Google is quietly rewriting its AI hardware playbook by opening discussions with Marvell Technology to co-develop a new generation of AI Inference Chips – a custom chip focused squarely on AI inference, according to a report by The Information.

These talks known to be still in their early, exploratory phase could bring two new chips into Google’s Tensor Processing Unit (TPU) ecosystem, with the goal of running AI workloads more efficiently and trimming long-term infrastructure costs.
The first chip under discussion would be a memory-processing unit (MPU) designed to work alongside Google’s existing TPUs.

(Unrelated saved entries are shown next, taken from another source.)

theorem lemma5:
  fixes \<L> :: "(real, 'n::{finite,linorder}) vec \<Rightarrow> real"
    and G :: "(real, 'n) vec \<Rightarrow> (real, 'n) vec"
    and Lc \<alpha> \<beta>1 \<beta>2 \<eta> :: real
    and B :: nat and blk :: "'n \<Rightarrow> nat"
    and \<theta>0 :: "(real, 'n) vec" and t :: nat
  assumes grad: "\<And>x. (\<L> has_derivative (\<lambda>h. G x \<bullet> h)) (at x)"
    and lip: "Lc-lipschitz_on UNIV G"
    and blocks: "\<And>i. blk i < B"
    and blocks_nonempty: "\<And>k. k < B \<Longrightarrow> \<exists>i. blk i = k"
    and alpha: "0 < \<alpha>" "\<alpha> \<le> 1"
    and beta: "0 < \<beta>1" "\<beta>1 < sqrt \<beta>2" "0 < \<beta>2" "\<beta>2 < 1"
    and eta: "0 < \<eta>"
    and t: "1 \<le> t"
  shows "let d = real CARD('n);
             \<eta>s = (\<lambda>s. \<eta> / sqrt (real s));
             m = mofo_m G \<alpha> blk \<beta>1 \<beta>2 \<eta>s \<theta>0 t;
             g = G (mofo_theta G \<alpha> blk \<beta>1 \<beta>2 \<eta>s \<theta>0 (t - 1));
             C = sqrt (d * \<alpha> + real B) / (sqrt (1 - \<beta>2) * (1 - \<beta>1 / sqrt \<beta>2))
         in norm1 ((1 / (1 - \<beta>1 ^ t)) *\<^sub>R m - g)
            \<le> 2 * sqrt 2 * \<beta>1 * sqrt d * Lc * C * \<eta> / ((1 - \<beta>1)\<^sup>2 * sqrt (real t))"
proof -
  define d where "d = real CARD('n)"
  define \<eta>s where "\<eta>s = (\<lambda>s::nat. \<eta> / sqrt (real s))"
  define C where "C = sqrt (d * \<alpha> + real B) / (sqrt (1 - \<beta>2) * (1 - \<beta>1 / sqrt \<beta>2))"
  define \<theta> where "\<theta> = mofo_theta G \<alpha> blk \<beta>1 \<beta>2 \<eta>s \<theta>0"
  define err where "err = (1 / (1 - \<beta>1 ^ t)) *\<^sub>R mofo_m G \<alpha> blk \<beta>1 \<beta>2 \<eta>s \<theta>0 t - G (\<theta> (t - 1))"
  have "sqrt \<beta>2 < 1" using beta(4) by simp
  then have "\<beta>1 < 1" using beta(2) by linarith
  have "0 \<le> C" unfolding C_def d_def using alpha beta by (simp add: divide_less_eq)
  have "0 \<le> Lc" using lip by (rule lipschitz_on_nonneg)
  define D where "D = \<eta> * C / sqrt (real t)"
  have "0 \<le> D" unfolding D_def using eta \<open>0 \<le> C\<close> by simp
  have step: "norm (\<theta> (Suc k) - \<theta> k) \<le> \<eta> * C / sqrt (real (Suc k))" for k
    using mofo_theta_step_le[where \<eta> = \<eta>s and ?\<theta>0.0 = \<theta>0 and t = k,
        OF less_imp_le[OF beta(1)] beta(2,4) blocks less_imp_le[OF alpha(1)]] eta
    unfolding \<theta>_def \<eta>s_def C_def d_def by (simp add: mult.commute)
  have drift: "norm (\<theta> (t - 1) - \<theta> (t - 1 - j)) \<le> real j * (real j + 1) * D" if "j < t" for j
    using norm_diff_le_of_steps_le_inverse_sqrt[OF step _ that] eta \<open>0 \<le> C\<close> unfolding D_def by simp
  have "norm err \<le> 2 * \<beta>1 * Lc * D / (1 - \<beta>1)\<^sup>2"
    unfolding err_def \<theta>_def
    by (rule mofo_momentum_error_le[OF lip beta(1) \<open>\<beta>1 < 1\<close> t \<open>0 \<le> D\<close>]) (fact drift[unfolded \<theta>_def])
  then have "norm1 err \<le> sqrt d * (2 * \<beta>1 * Lc * D / (1 - \<beta>1)\<^sup>2)"
    using norm1_le_sqrt_card_mult_norm[of err] unfolding d_def
    by (meson mult_left_mono order_trans real_sqrt_ge_zero of_nat_0_le_iff)
  also have "\<dots> = 2 * \<beta>1 * sqrt d * Lc * C * \<eta> / ((1 - \<beta>1)\<^sup>2 * sqrt (real t))"
    unfolding D_def by (simp add: field_simps)
  also have "\<dots> \<le> sqrt 2 * (2 * \<beta>1 * sqrt d * Lc * C * \<eta> / ((1 - \<beta>1)\<^sup>2 * sqrt (real t)))"
    using beta eta \<open>0 \<le> C\<close> \<open>0 \<le> Lc\<close> unfolding d_def
    by (intro mult_right_mono[of 1 "sqrt 2", simplified]) simp_all
  finally show ?thesis
    unfolding Let_def d_def[symmetric] \<eta>s_def[symmetric] C_def[symmetric] \<theta>_def[symmetric]
      err_def[symmetric]
    by (simp add: mult_ac)
qed

end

It would handle memory-heavy operations usually done by the accelerator die, helping to ease on-chip bandwidth pressure, lower latency, and improve cache efficiency for AI workloads especially large-scale inference, where moving data around is one of the biggest bottlenecks.
The second chip would be a new TPU variant built specifically for inference, the phase in which trained models serve live queries to users. Inference already makes up the bulk of Google’s cloud AI compute, so even modest efficiency improvements at this layer can add up to significant cost savings at scale.
Nothing is finalized yet, but the move fits a clear trend, Google is broadening its TPU supply chain beyond Broadcom and MediaTek. Broadcom remains committed as a long-term TPU partner through 2031, while MediaTek has already stepped in with cost-optimized TPU designs.
Adding Marvell as a third independent design?services supplier would give Google more options to tune power, performance, and economics across different parts of its AI stack.
This diversification matters all the more as the market for custom ASICs and inference-specific chips is expected to grow sharply over the next few years, with analysts projecting a triple-digit-billion-dollar industry by the early 2030s.
For Marvell, even a potential design-services role tied to Google’s TPUs carries real strategic value. The company has long been known for its data-center and networking silicon; a high-profile AI inference contract with Google would position it as a core player in the AI-accelerator space, not just a supplier in the connectivity layer.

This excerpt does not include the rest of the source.